Und schau Dir auch mal die Videos an, sie dienen zum besseren Verständnis der FF-Funktionen:

http://firefox-anleitung.net/firefox-video-anleitungen.html

Bitte später Feedback geben ob das Problem gelöst wurde.


----------



## Dr.J (18. Mai 2009)

*AW: Firefox 3.0.10*

Hallo Marc,

Danke für die Infos. 

ich habe die obigen Browser-Konfigurationen ausprobiert. Bei der 1. wird lediglich die Verlaufliste durch setzen auf 0 deaktiviert. Wenn man aber den Wert wieder auf 12 zurückstellt, dann sieht man die alten Einträge wieder. Es wurde also nichts gelöscht. Die 2 anderen Einstellungen bewirken bei mir nichts.


----------



## lollo (22. Mai 2009)

*AW: Firefox 3.0.10*



CityCobra schrieb:


> Bitte später Feedback geben ob das Problem gelöst wurde.


@all,
möchte ich dann jetzt mal machen.

Nachdem ich die von Marc angegebenen Links gelesen hatte, habe ich noch einmal alle zu setzenden Häkchen kontrolliert, und die Daten dann gelöscht. 
Bis auf die intelligente Adressleiste des Firefox war alles gelöscht, nur eben diese nicht.
Als weiteres habe ich den Mozilla Firefox von meiner Festplatte dann mal ganz entfernt. Damit auch alle möglichen Eintragungen tatsächlich entfernt werden, habe ich über die Suchfunktion, und anschließend noch mit CCleaner ebenfalls alles was mit dem Namen Mozilla Firefox in Verbindung gebracht werden konnte, gelöscht. Der Browser sollte jetzt von der Festplatte entfernt sein.............
dachte ich. :beeten

Über die Mozilla Seite lud ich dann den ja jungfräulichen Browser neu auf meinen Rechner, und siehe da, der intelligente Browser hat gemerkt das er schon mal auf meinem Rechner war, und alle Eintragungen in der Adresszeile waren wieder da.

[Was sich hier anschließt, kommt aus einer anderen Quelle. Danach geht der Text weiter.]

definition is_allocation :: "nat \<Rightarrow> nat set \<Rightarrow> (nat \<Rightarrow> nat set) \<Rightarrow> bool" where
  "is_allocation n M A \<longleftrightarrow>
     (\<Union>i\<in>{1..n}. A i) = M \<and>
     (\<forall>i\<in>{1..n}. \<forall>j\<in>{1..n}. i \<noteq> j \<longrightarrow> A i \<inter> A j = {})"

definition EFX_id :: "nat \<Rightarrow> (nat set \<Rightarrow> real) \<Rightarrow> (nat \<Rightarrow> nat set) \<Rightarrow> bool" where
  "EFX_id n v A \<longleftrightarrow>
     (\<forall>i\<in>{1..n}. \<forall>j\<in>{1..n}. \<forall>g\<in>A j. v (A i) \<ge> v (A j - {g}))"

definition D_sub_EFX_id :: "nat \<Rightarrow> nat \<Rightarrow> enat" where
  "D_sub_EFX_id n m =
     query_complexity (sub_valuation_oracle m)
       (\<lambda>v A. is_allocation n (goods m) A \<and> EFX_id n v A)"

text \<open>Graph given by vertex set V and symmetric edge relation E. The unknown function
f : V => real is an oracle normalised to 0 outside V.\<close>

definition is_local_max :: "'a set \<Rightarrow> ('a \<Rightarrow> 'a \<Rightarrow> bool) \<Rightarrow> ('a \<Rightarrow> real) \<Rightarrow> 'a \<Rightarrow> bool" where
  "is_local_max V E f a \<longleftrightarrow> a \<in> V \<and> (\<forall>b\<in>V. E a b \<longrightarrow> f a \<ge> f b)"

definition D_LS :: "'a set \<Rightarrow> ('a \<Rightarrow> 'a \<Rightarrow> bool) \<Rightarrow> enat" where
  "D_LS V E =
     query_complexity (\<lambda>f. \<forall>a. a \<notin> V \<longrightarrow> f a = 0) (\<lambda>f a. is_local_max V E f a)"

definition kneser_vertices :: "nat \<Rightarrow> nat \<Rightarrow> nat set set" where
  "kneser_vertices n k = {S. S \<subseteq> {1..n} \<and> card S = k}"

definition kneser_adj :: "nat set \<Rightarrow> nat set \<Rightarrow> bool" where
  "kneser_adj S T \<longleftrightarrow> S \<inter> T = {}"

end

theory Submission
  imports Defs Complex_Main
begin

text \<open>Given an oracle f on the k-subsets of [2k+1], take the identical valuation
v(S) = \<phi>(|S|) + [|S| = k] arctan(f S)/4 on m = 2k+1 goods, where \<phi> = card_profile m is
concave with marginal values 2m, 2m - 2, ..., 2. The perturbation is at most 1/2, so v is
still submodular and strictly increasing in |S|. Hence an EFX allocation splits the goods
into a k-set P and its complement Q, and EFX for the owner of P says v(P) \<ge> v(Q - {g}) for
every g in Q; the sets Q - {g} are exactly the Kneser neighbours of P, so P is a local
maximum of f. An EFX algorithm run on v is simulated by a local search algorithm that pays
one query per k-set it asks about and answers every other query itself.\<close>

text \<open>A query translation tr answers a query q either by a constant (tr q = Inl a) or by
asking the oracle p and transforming its reply with h (tr q = Inr (p, h)).\<close>

primrec simulate ::
  "('q \<Rightarrow> real + ('p \<times> (real \<Rightarrow> real))) \<Rightarrow> ('o \<Rightarrow> 'u) \<Rightarrow> ('q, 'o) qtree \<Rightarrow> ('p, 'u) qtree" where
  "simulate tr out (Output x) = Output (out x)"
| "simulate tr out (Ask q c) =
     (case tr q of
        Inl a \<Rightarrow> simulate tr out (c a)
      | Inr (p, h) \<Rightarrow> Ask p (\<lambda>r. simulate tr out (c (h r))))"

definition translated_oracle ::
  "('q \<Rightarrow> real + ('p \<times> (real \<Rightarrow> real))) \<Rightarrow> ('p \<Rightarrow> real) \<Rightarrow> 'q \<Rightarrow> real" where
  "translated_oracle tr f q = (case tr q of Inl a \<Rightarrow> a | Inr (p, h) \<Rightarrow> h (f p))"

lemma qout_simulate: "qout (simulate tr out T) f = out (qout T (translated_oracle tr f))"
  by (induction T) (auto simp: translated_oracle_def split: sum.split)

lemma qcost_simulate_le: "qcost (simulate tr out T) f \<le> qcost T (translated_oracle tr f)"
  by (induction T) (auto simp: translated_oracle_def le_SucI split: sum.split)

lemma query_complexity_reduction:
  assumes adm: "\<And>f. adm' f \<Longrightarrow> adm (translated_oracle tr f)"
    and valid: "\<And>f x. adm' f \<Longrightarrow> valid (translated_oracle tr f) x \<Longrightarrow> valid' f (out x)"
  shows "query_complexity adm' valid' \<le> query_complexity adm valid"
  unfolding query_complexity_def
proof (rule INF_greatest)
  let ?D' = "INF T \<in> {T. \<forall>f. adm' f \<longrightarrow> valid' f (qout T f)}. SUP f \<in> {f. adm' f}. enat (qcost T f)"
  fix T assume "T \<in> {T. \<forall>g. adm g \<longrightarrow> valid g (qout T g)}"
  then have "simulate tr out T \<in> {T. \<forall>f. adm' f \<longrightarrow> valid' f (qout T f)}"
    using adm valid by (simp add: qout_simulate)
  then have "?D' \<le> (SUP f \<in> {f. adm' f}. enat (qcost (simulate tr out T) f))"
    by (rule INF_lower)
  also have "\<dots> \<le> (SUP g \<in> {g. adm g}. enat (qcost T g))"
  proof (rule SUP_least)
    fix f assume "f \<in> {f. adm' f}"
    have "enat (qcost (simulate tr out T) f) \<le> enat (qcost T (translated_oracle tr f))"
      by (simp add: qcost_simulate_le)
    also have "\<dots> \<le> (SUP g \<in> {g. adm g}. enat (qcost T g))"
      using adm \<open>f \<in> {f. adm' f}\<close> by (intro SUP_upper) simp
    finally show "enat (qcost (simulate tr out T) f) \<le> (SUP g \<in> {g. adm g}. enat (qcost T g))" .
  qed
  finally show "?D' \<le> (SUP g \<in> {g. adm g}. enat (qcost T g))" .
qed

definition card_profile :: "nat \<Rightarrow> nat \<Rightarrow> real" where
  "card_profile m s = real s * (2 * real m + 1) - real s ^ 2"

lemma card_profile_0 [simp]: "card_profile m 0 = 0"
  by (simp add: card_profile_def)

lemma card_profile_Suc: "card_profile m (Suc s) - card_profile m s = 2 * real m - 2 * real s"
  by (simp add: card_profile_def algebra_simps power2_eq_square)

lemma card_profile_gap:
  assumes "p < q" "q \<le> m"
  shows "card_profile m p + 2 \<le> card_profile m q"
proof -
  have "card_profile m q - card_profile m p = (real q - real p) * (2 * real m + 1 - real q - real p)"
    by (simp add: card_profile_def algebra_simps power2_eq_square)
  moreover have "1 * 2 \<le> (real q - real p) * (2 * real m + 1 - real q - real p)"
    using assms by (intro mult_mono) auto
  ultimately show ?thesis by simp
qed

lemma finite_goods [simp]: "finite (goods m)"
  by (simp add: goods_def)

lemma card_goods [simp]: "card (goods m) = m"
  by (simp add: goods_def)

lemma card_le_of_subset_goods: "S \<subseteq> goods m \<Longrightarrow> card S \<le> m"
  using card_mono[of "goods m" S] by simp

Ich werde da jetzt erst mal mit leben, es gibt schlimmeres. 

Aaaaaber, wieder ein Beweis dafür, dass man mit seinen Daten sehr sensibel im Netz umgehen sollte, denn machmal sind sie einfach nicht mehr zu löschen. :__ nase


----------



## CityCobra (22. Mai 2009)

*AW: Firefox 3.0.10*



lollo schrieb:


> Als weiteres habe ich den Mozilla Firefox von meiner Festplatte dann mal ganz entfernt. Damit auch alle möglichen Eintragungen tatsächlich entfernt werden, habe ich über die Suchfunktion, und anschließend noch mit CCleaner ebenfalls alles was mit dem Namen Mozilla Firefox in Verbindung gebracht werden konnte, gelöscht. Der Browser sollte jetzt von der Festplatte entfernt sein.............
> dachte ich. :beeten
> 
> Über die Mozilla Seite lud ich dann den ja jungfräulichen Browser neu auf meinen Rechner, und siehe da, der intelligente Browser hat gemerkt das er schon mal auf meinem Rechner war, und alle Eintragungen in der Adresszeile waren wieder da.


Irrtum!
Dein Profilordner war mich Sicherheit noch nach dem vermeintlichen Löschen vorhanden.
Aus diesem Grund hast Du auch noch die alten Einträge wieder in der Leiste.
Ich empfehle mal einen Besuch auf www.Firefox-Browser.de und dort nach einer Lösung suchen.
Auch mal dort ins Forum schauen -

* defekter Link entfernt *

und von der Suchfunktion Gebrauch machen.


----------